A bit more code formatting would have made it all neater:

#define FT_LS_LONG      (1 << 0)
#define FT_LS_RECURSIVE (1 << 1)
#define FT_LS_HIDDEN    (1 << 2)
#define FT_LS_REVERSE   (1 << 3)
#define FT_LS_TIME      (1 << 4)
#define FT_LS_LINE      (1 << 5)

There's no doubt that these are bit masks used to mask different bits of data from the same byte.

Equivalent code could also have been written using hex literals too, it is just a matter of style:

#define FT_LS_LONG      0x01u
#define FT_LS_RECURSIVE 0x02u
#define FT_LS_HIDDEN    0x04u
#define FT_LS_REVERSE   0x08u
#define FT_LS_TIME      0x10u
#define FT_LS_LINE      0x20u

Answer 3

He probably has done it because it is more clear. FT_LS_LONG is represented by the first (zero'th) bit. He also could just leave it as # define FT_LS_LONG 1 but than it's less clear as all those macros's are contained within a single byte.

Answer 4

Without looking at the original code it's hard to tell but this seems to be defining flags in a way that is readable. The alternative would be use #defines set to 0000001, 0000010,0000100 etc. which is less readable and error prone (if you miss a 0 or a 1 it will be hard to tell where the program is failing)

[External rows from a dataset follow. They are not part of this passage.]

lemma I_fun_const_one_lower_bound:
  fixes C :: "'a::euclidean_space set"
  assumes "pointed_ndim_closed_convex_cone C"
  obtains c where "c > 0"
    and "\<And>\<mu> \<omega>. \<omega> \<subseteq> Omega C \<Longrightarrow> \<omega> \<in> sets \<mu> \<Longrightarrow> c * measure \<mu> \<omega> \<le> I_fun C \<mu> \<omega> (\<lambda>_. 1)"
proof -
  interpret prob_space "gaussian :: 'a measure" by (rule prob_space_gaussian)
  have "cone C" and "closed C" and "interior C \<noteq> {}"
    using assms by (auto simp: pointed_ndim_closed_convex_cone_def)
  obtain z where z: "ball z 1 \<subseteq> wulff C (Omega C) (\<lambda>_. 1)"
    using ball_subset_wulff_Omega_one[OF \<open>cone C\<close> \<open>interior C \<noteq> {}\<close>] .
  have "measure gaussian (ball z 1) * measure \<mu> \<omega> \<le> I_fun C \<mu> \<omega> (\<lambda>_. 1)"
    if "\<omega> \<subseteq> Omega C" and "\<omega> \<in> sets \<mu>" for \<mu> :: "'a measure" and \<omega>
  proof -
    have "ball z 1 \<subseteq> wulff C \<omega> (\<lambda>_. 1)"
      using z wulff_antimono[OF \<open>\<omega> \<subseteq> Omega C\<close>] by blast
    then have "measure gaussian (ball z 1) \<le> measure gaussian (wulff C \<omega> (\<lambda>_. 1))"
      using closed_wulff[OF \<open>closed C\<close>] by (intro finite_measure_mono) (auto simp: borel_closed)
    then show ?thesis
      using \<open>\<omega> \<in> sets \<mu>\<close> by (simp add: I_fun_const_one mult_right_mono)
  qed
  then show thesis
    using that measure_gaussian_ball_pos[of 1 z] by simp
qed

theorem lemma4p3:
  fixes C :: "'a::euclidean_space set"
    and \<mu> :: "'a measure"
    and \<omega> :: "nat \<Rightarrow> 'a set"
    and K :: "nat \<Rightarrow> 'a set"
    and i0 :: nat
  assumes cone: "pointed_ndim_closed_convex_cone C"
    and mu_sets: "sets \<mu> = sets (restrict_space borel (Omega C))"
    and mu_finite: "finite_measure \<mu>"
    and mu_nonzero: "emeasure \<mu> (Omega C) \<noteq> 0"
    and om_compact: "\<And>i. compact (\<omega> i)"
    and om_sub: "\<And>i. \<omega> i \<subseteq> Omega C"
    and om_int: "\<And>i. \<omega> i \<subseteq> (top_of_set (Omega C)) interior_of (\<omega> (Suc i))"
    and om_union: "(\<Union>i. \<omega> i) = Omega C"
    and i0: "emeasure (restr_meas \<mu> (\<omega> i0)) (Omega C) \<noteq> 0"
    and K_class: "\<And>i. i \<ge> i0 \<Longrightarrow> K i \<in> Kclass C (\<omega> i)"
    and K_max: "\<And>i. i \<ge> i0 \<Longrightarrow>
       ereal (I_fun C \<mu> (\<omega> i) (bar_supp (K i))) =
       (SUP f \<in> Cplus (\<omega> i). ereal (I_fun C \<mu> (\<omega> i) f))"
  shows "\<exists>a>0. \<forall>i\<ge>i0. I_fun C \<mu> (\<omega> i) (bar_supp (K i)) > a"
proof -
  interpret finite_measure \<mu> by (rule mu_finite)
  obtain c where "c > 0" and c_le_I_one:
    "\<And>\<omega>'. \<omega>' \<subseteq> Omega C \<Longrightarrow> \<omega>' \<in> sets \<mu> \<Longrightarrow> c * measure \<mu> \<omega>' \<le> I_fun C \<mu> \<omega>' (\<lambda>_. 1)"
    using I_fun_const_one_lower_bound[OF cone] by metis
  have space_mu: "space \<mu> = Omega C"
    using sets_eq_imp_space_eq[OF mu_sets] by (simp add: space_restrict_space)
  have om_sets: "\<omega> i \<in> sets \<mu>" for i
    unfolding mu_sets by (intro compact_in_sets_restrict_space_borel om_compact om_sub)
  have "incseq \<omega>"
    unfolding incseq_Suc_iff using om_int interior_of_subset by (meson order_trans)
  have "measure \<mu> (\<omega> i0) > 0"
    using i0 om_sub[of i0] by (simp add: emeasure_restr_meas om_sets space_mu [symmetric]
        Int_absorb2 emeasure_eq_measure zero_less_measure_iff)
  have lower: "c * measure \<mu> (\<omega> i0) \<le> I_fun C \<mu> (\<omega> i) (bar_supp (K i))" if "i \<ge> i0" for i
  proof -
    have "c * measure \<mu> (\<omega> i0) \<le> c * measure \<mu> (\<omega> i)"
      using \<open>c > 0\<close> monoD[OF \<open>incseq \<omega>\<close> \<open>i \<ge> i0\<close>] om_sets by (simp add: finite_measure_mono)
    also have "\<dots> \<le> I_fun C \<mu> (\<omega> i) (\<lambda>_. 1)"
      by (rule c_le_I_one[OF om_sub om_sets])
    also have "\<dots> \<le> I_fun C \<mu> (\<omega> i) (bar_supp (K i))"
    proof -
      have "ereal (I_fun C \<mu> (\<omega> i) (\<lambda>_. 1)) \<le> ereal (I_fun C \<mu> (\<omega> i) (bar_supp (K i)))"
        unfolding K_max[OF \<open>i \<ge> i0\<close>] by (rule SUP_upper) (simp add: Cplus_def)
      then show ?thesis
        by simp
    qed
    finally show ?thesis .
  qed
  have "c * measure \<mu> (\<omega> i0) > 0"
    using \<open>c > 0\<close> \<open>measure \<mu> (\<omega> i0) > 0\<close> by simp
  then show ?thesis
    using lower by (intro exI[of _ "c * measure \<mu> (\<omega> i0) / 2"]) force
qed

end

In the implementation I'd expect to see bit wise ands trying to figure out which flags are On or Off.

Answer 5

As other answers suggest this is typically because of using flags, however that's not necessarily the only reason.

For microcontrollers for example address space is extremely precious so they pack multiple properties in a single byte, sometimes they are just boolean flags, sometimes they might be something else, for example a clock division factor, and might consist of a few bits, but because the address space is extremely limited it is stored in the same peripheral configuration register as other flags and/or values so they might be for example 5 bits starting at bit 2 and you might find values such as 0b10101 << 2 or in hex 0x15 << 2.

In the microcontroller case it makes it easier to find in the documentation, you just look at the register and which bit it is in it... as in you don't have to count 0s in binary representation or convert it from hex or even worse from decimal to figure out the corresponding value.